Dodgson photographed her around fifty times, from age four until just before her sixteenth birthday.  The works they made together, often in tableau form, are commonly known to collectors, curators, and the contemporary artists who are inspired by them as the 'Xie' (pronounced 'Ecksy' — a diminutive form of Alexandra) pictures.

It is commonly reported that Carroll once posed the question “How do you achieve excellence in photography?” and then provided this answer: “Put Xie in front of a Lens.” In truth, in a letter to her on June 16, 1880, he writes, "Here is a riddle—'What is the best way to secure Excellence in a photograph?' Answer: 'First you take a "lence," and then put "ecce" before it.'" He is punning on "ecce," the Latin word for "behold."

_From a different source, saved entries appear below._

(* For $k\ge0$ let $\bar H_k\in\mathbb{R}^{p\times p}$ be (random) symmetric matrices with symmetric indefinite factorizations $\bar H_k=P_k^TL_kB_kL_k^TP_k$, and suppose $\bar H_k\to H(\theta^* )$ a.s. Let $B_k=Q_k\Lambda_kQ_k^T$ be an eigendecomposition, $\Lambda_k=\mathrm{diag}(\lambda_{k1},\dots,\lambda_{kp})$, and with a constant threshold $\underline{\tau}>0$ set $\bar\Lambda_k=\mathrm{diag}(\max\{\underline{\tau},|\lambda_{kj}|\})_{j=1}^p$ and $\bar{\bar H}_k=P_k^TL_kQ_k\bar\Lambda_kQ_k^TL_k^TP_k$. Assume the eigenvalues of $H(\theta^* )$ satisfy $0<\underline{\lambda}^*<|\lambda_j(H(\theta^* ))|<\bar\lambda^*<\infty$ for $j=1,\dots,p$. Then there exists $K_2$ such that for all $k>K_2$ the eigenvalues and the condition number of $\bar{\bar H}_k$ are bounded uniformly in $k$.
   Context: In the factorization: $P_k$ permutation, $B_k$ block diagonal with symmetric $1\times1$ or $2\times2$ blocks, $L_k$ unit lower triangular with entries bounded in magnitude by a fixed constant independent of $k$; hence there are constants $0<\underline{\sigma}\le\bar\sigma$, independent of $k$ and the sample path, with all singular values of $L_k$ in $[\underline{\sigma},\bar\sigma]$. $H(\theta^* )$ is the Hessian of the loss at its minimizer and $\bar H_k$ the running Hessian estimate of a second-order simultaneous-perturbation stochastic approximation algorithm. *)

theory Defs
  imports "HOL-Analysis.Analysis"
begin

definition sym_mat :: "real^'n^'n \<Rightarrow> bool" where
  "sym_mat A \<longleftrightarrow> transpose A = A"

definition perm_mat :: "real^'n^'n \<Rightarrow> bool" where
  "perm_mat P \<longleftrightarrow> (\<exists>\<pi>. \<pi> permutes (UNIV::'n set) \<and>
       P = (\<chi> i j. if j = \<pi> i then 1 else 0))"

definition unit_lower_tri :: "real^('n::{finite,linorder})^('n::{finite,linorder}) \<Rightarrow> bool" where
  "unit_lower_tri L \<longleftrightarrow> (\<forall>i. L $ i $ i = 1) \<and> (\<forall>i j. i < j \<longrightarrow> L $ i $ j = 0)"
lemma tangent_in_kernel_dlam:
  assumes t: "t \<in> {0<..<\<epsilon>}"
  shows "dlam psiU psiV (g t) (g' t) = 0"
proof -
  have "((\<lambda>s. lam psiU psiV (g s)) has_vector_derivative dlam psiU psiV (g t) (g' t)) (at t)"
    using has_vector_derivative_comp_g[OF lam_has_derivative_dlam[OF C1_psi open_U g_in_U] t] t
    by simp
  moreover have "((\<lambda>s. lam psiU psiV (g s)) has_vector_derivative 0) (at t)"
    by (rule has_vector_derivative_transform_within_open[OF has_vector_derivative_const _ t])
      (use lam_g in auto)
  ultimately show ?thesis
    by (rule vector_derivative_unique_at)
qed

lemma psi_dot_eq:
  "t \<in> {0<..<\<epsilon>} \<Longrightarrow> psi_dot psiU psiV g t = fst (g' t) *\<^sub>R psiU (g t) + snd (g' t) *\<^sub>R psiV (g t)"
  by (simp add: psi_dot_def psi_def vector_derivative_g)

lemma psi_dot_nonzero:
  assumes t: "t \<in> {0<..<\<epsilon>}"
  shows "psi_dot psiU psiV g t \<noteq> 0"
proof
  assume "psi_dot psiU psiV g t = 0"
  then have "psi psiU psiV (g t) (g' t) = 0"
    using vector_derivative_g[OF t] by (simp add: psi_dot_def)
  with tangent_in_kernel_dlam[OF t] A2[OF t] have "g' t = 0"
    unfolding A2_point_def by blast
  with g'_nonzero t show False
    by auto
qed
lemma connected_dual_interior:
  assumes "dual_connected X"
  shows "connected (dual_interior X)"
  unfolding connected_iff_connected_component
proof (intro ballI)
  fix p q assume "p \<in> dual_interior X" "q \<in> dual_interior X"
  then obtain c d where "c \<in> X" "d \<in> X" "connected_component (dual_interior X) p (centre c)"
    "connected_component (dual_interior X) q (centre d)"
    using connected_component_dual_interior_centre by meson
  moreover have "connected_component (dual_interior X) (centre c) (centre d)"
    using connected_component_dual_interior_centres assms \<open>c \<in> X\<close> \<open>d \<in> X\<close>
    unfolding dual_connected_def by blast
  ultimately show "connected_component (dual_interior X) p q"
    using connected_component_trans connected_component_sym by metis
qed

lemma dual_connected_imp_polyomino:
  assumes "finite X" "X \<noteq> {}" "dual_connected X"
  shows "polyomino X"
  using assms connected_intermediate_closure[OF connected_dual_interior[OF assms(3)]]
    dual_interior_subset_interior_region region_subset_closure_dual_interior interior_subset
  unfolding polyomino_def by (meson subset_trans)

lemma acyclic_polyomino_iff_acyclic_arr:
  assumes "finite X" "X \<noteq> {}"
  shows "acyclic_polyomino X \<longleftrightarrow> acyclic_arr X"
  using dual_connected_imp_polyomino[OF assms]
  unfolding acyclic_polyomino_def acyclic_arr_def by blast

subsection \<open>Holes\<close>

lemma unit_interval_cover:
  fixes y :: real
  assumes "real a \<le> y" "y \<le> real b" "a < b"
  shows "\<exists>j. a \<le> j \<and> j < b \<and> real j \<le> y \<and> y \<le> real j + 1"
proof (cases "y < real b")
  case True
  have "y \<ge> 0"
    using assms(1) by linarith
  with assms(1) True show ?thesis
    by (intro exI[of _ "nat \<lfloor>y\<rfloor>"])
       (auto simp: le_nat_floor nat_less_iff floor_less_iff intro: of_nat_floor)
next
  case False
  with assms show ?thesis
    by (intro exI[of _ "b - 1"]) auto
qed

lemma region_subset_cbox:
  assumes "C \<subseteq> square M"
  shows "region C \<subseteq> cbox (0, 0) (real M, real M)"
proof
  fix p assume "p \<in> region C"
  then obtain c where c: "c \<in> C" "p \<in> tile c"
    unfolding region_def by blast
  then have "real (fst c) + 1 \<le> real M" "real (snd c) + 1 \<le> real M"
    using assms unfolding square_def by (auto simp flip: of_nat_Suc)
  with c(2) show "p \<in> cbox (0, 0) (real M, real M)"
    by (cases p) (auto simp: mem_tile)
qed

lemma cbox_subset_tiles:
  assumes "p \<in> cbox (0, 0) (real M, real M)" "0 < M"
  shows "\<exists>c\<in>square M. p \<in> tile c"
proof -
  obtain x y where p: "p = (x, y)"
    by (cases p)
  obtain i where "i < M" "real i \<le> x" "x \<le> real i + 1"
    using unit_interval_cover[of 0 x M] assms unfolding p by auto
  moreover obtain j where "j < M" "real j \<le> y" "y \<le> real j + 1"
    using unit_interval_cover[of 0 y M] assms unfolding p by auto
  ultimately show ?thesis
    unfolding p by (intro bexI[of _ "(i, j)"]) (auto simp: mem_tile square_def)
qed

lemma frame_subset_region:
  assumes "M \<ge> 3" "D1 M \<subseteq> C"
  shows "cbox (1, 1) (real M - 1, real M - 1) - box (1, 1) (real M - 1, real M - 1) \<subseteq> region C"
proof
  fix z assume z: "z \<in> cbox (1, 1) (real M - 1, real M - 1) - box (1, 1) (real M - 1, real M - 1)"
  obtain x y where xy: "z = (x, y)"
    by (cases z)
  have bounds: "1 \<le> x" "x \<le> real (M - 1)" "1 \<le> y" "y \<le> real (M - 1)"
    using z assms(1) unfolding xy by (auto simp: of_nat_diff)
  have edge: "x = 1 \<or> x = real (M - 1) \<or> y = 1 \<or> y = real (M - 1)"
    using z assms(1) unfolding xy by (auto simp: of_nat_diff mem_box_Pair)
  have "\<exists>i. 1 \<le> i \<and> i < M - 1 \<and> real i \<le> x \<and> x \<le> real i + 1"
    by (rule unit_interval_cover) (use bounds assms(1) in auto)
  then obtain i where i: "1 \<le> i" "i < M - 1" "real i \<le> x" "x \<le> real i + 1"
    by blast
  have "\<exists>j. 1 \<le> j \<and> j < M - 1 \<and> real j \<le> y \<and> y \<le> real j + 1"
    by (rule unit_interval_cover) (use bounds assms(1) in auto)
  then obtain j where j: "1 \<le> j" "j < M - 1" "real j \<le> y" "y \<le> real j + 1"
    by blast
  have "(0, j) \<in> C" "(M - 1, j) \<in> C" "(i, 0) \<in> C" "(i, M - 1) \<in> C"
    using i(1,2) j(1,2) assms unfolding D1_def ring_def corners_def square_def by auto
  moreover from edge i j
  have "z \<in> tile (0, j) \<or> z \<in> tile (M - 1, j) \<or> z \<in> tile (i, 0) \<or> z \<in> tile (i, M - 1)"
    unfolding xy mem_tile by auto
  ultimately show "z \<in> region C"
    unfolding region_def by blast
qed

lemma connected_component_trapped:
  assumes "open U" "closed K" "U \<subseteq> K" "K - U \<subseteq> R" "p \<in> U"
  shows "connected_component_set (- R) p \<subseteq> U"
proof -
  let ?H = "connected_component_set (- R) p"
  have "?H \<subseteq> U \<union> - K" "U \<inter> - K \<inter> ?H = {}"
    using assms(3,4) connected_component_subset[of "- R" p] by blast+
  then have "U \<inter> ?H = {} \<or> - K \<inter> ?H = {}"
    using connectedD[OF connected_connected_component] assms(1,2) by (metis open_Compl)
  moreover have "?H = {} \<or> p \<in> U \<inter> ?H"
    using assms(5) by (auto simp: connected_component_refl_eq dest: connected_component_in)
  ultimately show ?thesis
    using \<open>?H \<subseteq> U \<union> - K\<close> by blast
qed

definition no_adjacent_gaps :: "nat \<Rightarrow> space set \<Rightarrow> bool" where
  "no_adjacent_gaps M C \<longleftrightarrow> (\<forall>u\<in>square M. \<forall>v\<in>square M. adj u v \<longrightarrow> u \<in> C \<or> v \<in> C)"

lemma interior_sq_if_not_in_ring: "u \<in> square M \<Longrightarrow> u \<notin> ring M \<Longrightarrow> u \<in> interior_sq M"
  unfolding square_def ring_def interior_sq_def by (cases u) auto
(* Let $\lambda>0$, let $\omega$ be a rooted tree (root $\varrho$) in which every vertex has finitely many and at least one child, and let $(X(u),u\in\mathbb{T})$ be the $\lambda$-biased branching random walk on $\omega$ with reproduction law $\mu$ ($\mu_0=0$, $\mu_1<1$, $m=\sum_k k\mu_k\in(1,\infty)$), started from one particle at $\varrho$. Assume that this branching random walk is strongly recurrent on $\omega$, i.e. for every vertex $x$, $\mathbf{P}_\omega(\forall n\ \exists u\in\mathbb{T}:|u|\ge n, X(u)=x\mid X(\varnothing)=x)=1$. Then for every $a>0$, $$\mathbf{P}_\omega\Big(\liminf_{n\to\infty}\max_{|u|=n}\frac{|X(u)|}{n}\ge a\Big)\in\{0,1\}.$$
   Context: $|x|$ is the distance of $x$ to $\varrho$, $x_-$ the parent and $\kappa_x$ the number of children of $x$. The $\lambda$-biased random walk on $\omega$ jumps from $\varrho$ to each child with probability $1/\kappa_\varrho$, and from $x\ne\varrho$ to $x_-$ with probability $\lambda/(\lambda+\kappa_x)$ and to each child with probability $1/(\lambda+\kappa_x)$. The branching random walk: genealogy $\mathbb{T}$ is a Bienaymé–Galton–Watson tree with offspring law $\mu$ (root $\varnothing$, $|u|$ = generation); each child of a particle at $x$ is placed independently by one step of the $\lambda$-biased walk from $x$; $\mathbf{P}_\omega$ denotes its law. *)

theory Defs
  imports "HOL-Probability.Probability"
begin

text \<open>A rooted tree in which every vertex has finitely many and at least one child
is encoded (up to isomorphism) by its child-count function kappa on Ulam--Harris
words: the root is the empty word, the children of x are x@[i] for i < kappa x,
the parent of x is butlast x, and |x| = length x.\<close>

definition uh_vertices :: "(nat list \<Rightarrow> nat) \<Rightarrow> nat list set" where
  "uh_vertices k = {x. \<forall>i < length x. x ! i < k (take i x)}"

She married Arthur Cardew, a civil servant and gifted amateur musician, on 17 April 1890.  They had six children: Penelope (b. 1891), Christopher (b. 1894), Richard (1898–1918), Michael (1901–1983), Philip (b. 1903) and Arthur (b. 1906).  The family resided at 4 North View, Wimbledon Common, London, until Xie's death; they also had a country home at Saunton. She is buried at Putney Vale Cemetery.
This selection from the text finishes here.